È come se ciascuno potesse sentirsi avvolto da Cristo e in Esso trovare la forza per superare le difficoltà nelle quali si dibatte.
Per la Fondazione Fevoss “Santa Toscana” l’immagine della tela-Sindone esprime concretamente la missione che si è data: prendersi cura della persona in difficoltà, circondandola con le sue iniziative e i suoi servizi, per darle sostegno e conforto, rispettandone i diritti umani fondamentali e costituzionali.
Perciò la Fondazione Fevoss “Santa Toscana” intende assumere l’opera artistica come simbolo concreto del suo operare. Con tale nobile finalità d’intenti essa chiede un aiuto alla generosità della gente che crede possibile sostenere progetti di vita per la persona nella sua globalità: si cercano benefattori mossi dalla compassione e mecenati ispirati dalla bellezza dell’arte che esorta alla fraternità e operatori che rendano possibile concretamente la nostra missione.
Peregrinatio della Statua di Maria Madre del Dono
Un pellegrinaggio in 23 tappe nei luoghi di preghiera (Clicca qui per guardare la gallery), nelle case di cura, nelle periferie umane, per portare alle persone il dono della consolazione e della speranza.

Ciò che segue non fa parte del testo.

(* Let $\mathcal{L}=(n,\mathcal{M},\mathcal{C})$ be a simple linearization and let $\mathcal{T}\subseteq\mathcal{P}$. Suppose $D(\mathcal{L})$ has a subgraph satisfying (a) its underlying undirected graph is a cycle and (b) its node set is contained in $\mathrm{succ}(\mathcal{T})$. Then $D(\mathcal{L})$ has a subgraph $Z$ satisfying (a) and (b) such that either $|U(Z)|=1$, or $Z$ satisfies all of the following: (c) for all $s\in\mathcal{S}$ and $t\in\mathcal{T}$ there is at most one directed $t$-$s$-path in $D(\mathcal{L})$; (d) $|\mathrm{pred}(s)\cap L(Z)|\le1$ for all $s\in\mathcal{S}$; (e) $|\mathrm{succ}(t)\cap U(Z)|\le1$ for all $t\in\mathcal{T}$.
   Context: $[n]=\{1,\dots,n\}$; a monomial is a nonempty subset of $[n]$; $\mathcal{S}=\{\{i\}:i\in[n]\}$. A linearization is a triple $\mathcal{L}=(n,\mathcal{M},\mathcal{C})$, where $\mathcal{M}$ is a set of monomials with $\mathcal{S}\subseteq\mathcal{M}$ and $\mathcal{C}$ is a set of AND-constraints; each AND-constraint is a set $c\subseteq\mathcal{M}$ whose union $\bigcup c$ (resultant) lies in $\mathcal{M}$. $\mathcal{P}=\mathcal{M}\setminus\mathcal{S}$. Linearizations are consistent: each $m\in\mathcal{P}$ is the resultant of some $c$ with $|m'|<|m|$ for all $m'\in c$. $\mathcal{L}$ is simple if each proper monomial is the resultant of exactly one AND-constraint and $|\mathcal{C}|=|\mathcal{P}|$. $D(\mathcal{L})$ has node set $\mathcal{M}$ and, for each $c\in\mathcal{C}$, arcs from $\bigcup c$ to each $m\in c$. Cycles are simple cycles. $\mathrm{succ}(W)$ (resp. $\mathrm{pred}(W)$) is the set of nodes of $D(\mathcal{L})$ reachable from (resp. from which one can reach) a node of $W$ by a directed path, including $W$; for a node $w$, $\mathrm{succ}(w)=\mathrm{succ}(\{w\})$ and $\mathrm{pred}(w)=\mathrm{pred}(\{w\})$. For a subgraph $Z$, $U(Z)$ is the set of nodes with out-degree at least $2$ in $Z$ (upper nodes) and $L(Z)$ the set of nodes with in-degree at least $2$ in $Z$ (lower nodes). *)

theory Defs
  imports Main
begin

type_synonym monomial = "nat set"

definition singletons :: "nat \<Rightarrow> monomial set" where
  "singletons n = {{i} | i. i \<in> {1..n}}"

definition proper_monomials :: "nat \<Rightarrow> monomial set \<Rightarrow> monomial set" where
  "proper_monomials n M = M - singletons n"

definition linearization :: "nat \<Rightarrow> monomial set \<Rightarrow> monomial set set \<Rightarrow> bool" where
  "linearization n M C \<longleftrightarrow>
     (\<forall>m\<in>M. m \<noteq> {} \<and> m \<subseteq> {1..n}) \<and>
     singletons n \<subseteq> M \<and>
     (\<forall>c\<in>C. c \<subseteq> M \<and> \<Union>c \<in> M) \<and>
     (\<forall>m\<in>proper_monomials n M. \<exists>c\<in>C. \<Union>c = m \<and> (\<forall>m'\<in>c. card m' < card m))"

definition simple_linearization :: "nat \<Rightarrow> monomial set \<Rightarrow> monomial set set \<Rightarrow> bool" where
  "simple_linearization n M C \<longleftrightarrow>
     linearization n M C \<and>
     (\<forall>m\<in>proper_monomials n M. \<exists>!c. c \<in> C \<and> \<Union>c = m) \<and>
     card C = card (proper_monomials n M)"

text \<open>Arc set of D(L): for each AND-constraint c, arcs from its resultant to each member.\<close>
definition arcs :: "monomial set set \<Rightarrow> (monomial \<times> monomial) set" where
  "arcs C = {(\<Union>c, m) | c m. c \<in> C \<and> m \<in> c}"

definition succs :: "monomial set set \<Rightarrow> monomial set \<Rightarrow> monomial set" where
  "succs C W = {v. \<exists>w\<in>W. (w, v) \<in> (arcs C)\<^sup>*}"

definition preds :: "monomial set set \<Rightarrow> monomial set \<Rightarrow> monomial set" where
  "preds C W = {v. \<exists>w\<in>W. (v, w) \<in> (arcs C)\<^sup>*}"

definition is_subgraph :: "monomial set \<Rightarrow> monomial set set \<Rightarrow>
    monomial set \<Rightarrow> (monomial \<times> monomial) set \<Rightarrow> bool" where
  "is_subgraph M C V E \<longleftrightarrow> V \<subseteq> M \<and> E \<subseteq> arcs C \<and>
     (\<forall>(a,b)\<in>E. a \<in> V \<and> b \<in> V)"

definition undirected_cycle :: "'a set \<Rightarrow> ('a \<times> 'a) set \<Rightarrow> bool" where
  "undirected_cycle V E \<longleftrightarrow>
     (\<exists>vs. distinct vs \<and> length vs \<ge> 3 \<and> set vs = V \<and>
        inj_on (\<lambda>(a,b). {a,b}) E \<and>
        (\<lambda>(a,b). {a,b}) ` E =
          {{vs ! i, vs ! (Suc i mod length vs)} | i. i < length vs})"

definition upper_nodes :: "'a set \<Rightarrow> ('a \<times> 'a) set \<Rightarrow> 'a set" where
  "upper_nodes V E = {v\<in>V. card {w. (v, w) \<in> E} \<ge> 2}"

definition lower_nodes :: "'a set \<Rightarrow> ('a \<times> 'a) set \<Rightarrow> 'a set" where
  "lower_nodes V E = {v\<in>V. card {u. (u, v) \<in> E} \<ge> 2}"

definition dpath :: "('a \<times> 'a) set \<Rightarrow> 'a list \<Rightarrow> bool" where
  "dpath A p \<longleftrightarrow> p \<noteq> [] \<and> distinct p \<and>
     (\<forall>i. Suc i < length p \<longrightarrow> (p ! i, p ! Suc i) \<in> A)"

end

theory Submission
  imports Defs
begin

(* Arcs strictly decrease the degree of monomials, so D(L) is acyclic and every cycle has an
   upper node.  Choose a cycle Z inside succ(T) with the fewest upper nodes; if |U(Z)| \<noteq> 1 it
   has at least two, and (c)-(e) follow by contradiction.  Two distinct t-s-paths enclose a cycle
   whose only upper node is the node where they diverge.  Two lower nodes of Z with a common
   descendant, or two upper nodes with a common ancestor, are joined by a path Q meeting Z only in
   its ends.  Splitting Z along Q gives two cycles, each made of Q and one arc of Z, whose upper
   nodes are upper nodes of Z on that arc or sources of Q that are not lower nodes of Z.  In the
   lower case Q has no such sources, so both halves would have to contain all of U(Z); in the
   upper case the single source of Q replaces the two upper nodes it reaches.  The same splitting
   argument first shows that no path leaves a lower node and none enters an upper node of Z,
   which is what keeps Q outside Z. *)

section \<open>Edges of walks and cycles\<close>

definition undirected_edges :: "('a \<times> 'a) set \<Rightarrow> 'a set set" where
  "undirected_edges A = (\<lambda>(a, b). {a, b}) ` A"

fun walk_edges :: "'a list \<Rightarrow> 'a set set" where
  "walk_edges (x # y # zs) = insert {x, y} (walk_edges (y # zs))"
| "walk_edges _ = {}"

lemma walk_edges_append: "walk_edges (xs @ y # ys) = walk_edges (xs @ [y]) \<union> walk_edges (y # ys)"
  by (induction xs rule: walk_edges.induct) auto

lemma walk_edges_rev [simp]: "walk_edges (rev xs) = walk_edges xs"
proof (induction xs rule: walk_edges.induct)
  case (1 x y zs)
  then show ?case using walk_edges_append[of "rev zs" y "[x]"] by auto
qed auto

lemma walk_edges_subset: "e \<in> walk_edges p \<Longrightarrow> e \<subseteq> set p"
  by (induction p rule: walk_edges.induct) auto

lemma walk_edges_conv_nth: "walk_edges p = (\<lambda>i. {p ! i, p ! Suc i}) ` {..<length p - 1}"
proof (induction p rule: walk_edges.induct)
  case (1 x y zs)
  then show ?case by (simp add: lessThan_Suc_eq_insert_0 image_image)
qed auto

lemma walk_edges_incident:
  assumes "v \<in> set p" "2 \<le> length p"
  shows "\<exists>w. {v, w} \<in> walk_edges p"
  using assms
proof (induction p rule: walk_edges.induct)
  case (1 x y zs)
  then show ?case by (cases zs) (auto simp: insert_commute)
qed auto

definition cycle_edges :: "'a list \<Rightarrow> 'a set set" where
  "cycle_edges cs = walk_edges (cs @ [hd cs])"

lemma cycle_edges_subset: "e \<in> cycle_edges cs \<Longrightarrow> e \<subseteq> set cs"
  unfolding cycle_edges_def using walk_edges_subset[of e "cs @ [hd cs]"] by (cases cs) auto
(* Let $\Phi$ be a linear map between finite-dimensional matrix spaces, represented by coefficients $\Phi^{b,d}_{a,c}$ via $\Phi(|b\rangle\langle d|)=\sum_{a,c}\Phi^{b,d}_{a,c}|a\rangle\langle c|$ in the incoherent bases. Then $\Phi$ is completely positive iff there are matrices $K_n$ with entries $K_{n_{a,b}}$ such that $\Phi^{b,d}_{a,c}=\sum_n K_{n_{a,b}}K^*_{n_{c,d}}$ for all $a,b,c,d$. Under this condition: (1) $\Phi$ is a detection-incoherent quantum operation iff there is a conditional probability distribution $p(a|b)$ (i.e. $p(a|b)\ge0$, $\sum_a p(a|b)=1$) with $\Phi^{b,d}_{a,a}=p(a|b)\delta_{b,d}$ for all $a,b,d$; (2) $\Phi$ is a creation-incoherent quantum operation iff there is a conditional probability distribution $p(b|a)$ with $\Phi^{a,a}_{b,c}=p(b|a)\delta_{b,c}$ for all $a,b,c$, and $\sum_a\Phi^{b,d}_{a,a}=\delta_{b,d}$ for all $b,d$; (3) $\Phi$ is a detection-creation-incoherent quantum operation iff there are conditional probability distributions with $\Phi^{b,d}_{a,a}=p(a|b)\delta_{b,d}$ for all $a,b,d$ and $\Phi^{a,a}_{b,c}=p(b|a)\delta_{b,c}$ for all $a,b,c$.
   Context: Every finite-dimensional system carries a fixed orthonormal incoherent basis $\{|i\rangle\}$; the total dephasing map is $\Delta(\rho)=\sum_i|i\rangle\langle i|\rho|i\rangle\langle i|$. A quantum operation is a completely positive trace-preserving linear map. $\Phi$ is detection-incoherent iff $\Delta\Phi=\Delta\Phi\Delta$, creation-incoherent iff $\Phi\Delta=\Delta\Phi\Delta$, and detection-creation-incoherent iff $\Delta\Phi=\Phi\Delta$. *)

theory Defs
  imports "Jordan_Normal_Form.Matrix"
begin

text \<open>Matrices are Jordan_Normal_Form matrices; the incoherent basis is the standard basis.
  A map Phi from m x m to n x n complex matrices is a function on complex mat; only its
  behaviour on carrier_mat m m matters.\<close>

definition ket_bra :: "nat \<Rightarrow> nat \<Rightarrow> nat \<Rightarrow> complex mat" where
  "ket_bra m b d = mat m m (\<lambda>(i,j). if i = b \<and> j = d then 1 else 0)"

text \<open>coeff m Phi b d a c is Phi^{b,d}_{a,c}, i.e. the (a,c) entry of Phi(|b><d|).\<close>
definition coeff :: "nat \<Rightarrow> (complex mat \<Rightarrow> complex mat) \<Rightarrow> nat \<Rightarrow> nat \<Rightarrow> nat \<Rightarrow> nat \<Rightarrow> complex" where
  "coeff m \<Phi> b d a c = \<Phi> (ket_bra m b d) $$ (a, c)"

definition linear_map_mat :: "nat \<Rightarrow> nat \<Rightarrow> (complex mat \<Rightarrow> complex mat) \<Rightarrow> bool" where
  "linear_map_mat m n \<Phi> \<longleftrightarrow>
     (\<forall>A \<in> carrier_mat m m. \<Phi> A \<in> carrier_mat n n) \<and>
     (\<forall>A \<in> carrier_mat m m. \<forall>B \<in> carrier_mat m m. \<Phi> (A + B) = \<Phi> A + \<Phi> B) \<and>
     (\<forall>A \<in> carrier_mat m m. \<forall>x. \<Phi> (x \<cdot>\<^sub>m A) = x \<cdot>\<^sub>m \<Phi> A)"

definition psd :: "nat \<Rightarrow> complex mat \<Rightarrow> bool" where
  "psd k A \<longleftrightarrow> A \<in> carrier_mat k k \<and> (\<forall>v \<in> carrier_vec k. (A *\<^sub>v v) \<bullet>c v \<ge> 0)"

text \<open>The ampliation id_k \<otimes> Phi acting on M_k(M_m) = M_{km}, in block form:
  block (i,j) of the result is Phi applied to block (i,j) of the argument.\<close>
definition ampliation :: "nat \<Rightarrow> nat \<Rightarrow> nat \<Rightarrow> (complex mat \<Rightarrow> complex mat) \<Rightarrow> complex mat \<Rightarrow> complex mat" where
  "ampliation k m n \<Phi> X = mat (k * n) (k * n) (\<lambda>(p, q).
      \<Phi> (mat m m (\<lambda>(b, d). X $$ ((p div n) * m + b, (q div n) * m + d))) $$ (p mod n, q mod n))"

definition completely_positive :: "nat \<Rightarrow> nat \<Rightarrow> (complex mat \<Rightarrow> complex mat) \<Rightarrow> bool" where
  "completely_positive m n \<Phi> \<longleftrightarrow>
     (\<forall>k. \<forall>X. psd (k * m) X \<longrightarrow> psd (k * n) (ampliation k m n \<Phi> X))"

definition mtrace :: "complex mat \<Rightarrow> complex" where
  "mtrace A = (\<Sum>i < dim_row A. A $$ (i, i))"

definition trace_preserving :: "nat \<Rightarrow> (complex mat \<Rightarrow> complex mat) \<Rightarrow> bool" where
  "trace_preserving m \<Phi> \<longleftrightarrow> (\<forall>A \<in> carrier_mat m m. mtrace (\<Phi> A) = mtrace A)"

Un viaggio che, dal 4 ottobre 2018 all’11 febbraio 2019, ha compiuto Maria Madre del Dono: una Madonna con bambino realizzata dallo scultore Flavio Pancheri e terminata alla sua morte dal figlio Walter Pancheri di Ortisei (Bolzano) e donata dalla famiglia alla Fondazione Fevoss Santa Toscana di Verona, che ne ha fatto per la dolce espressività il suo riferimento istitutivo, quello dell’economia del dono quale forma di partecipazione alla vita della comunità umana. Oggi quella “peregrinatio Mariae”, che ha preso il via simbolicamente nella data in cui si celebra la Giornata nazionale della Donazione e si è conclusa altrettanto significativamente nel giorno che ricorda Nostra Signora di Lourdes, diventa un libro, «Nel segno di Maria madre del dono», dato alle stampe da Edizioni Zerotre.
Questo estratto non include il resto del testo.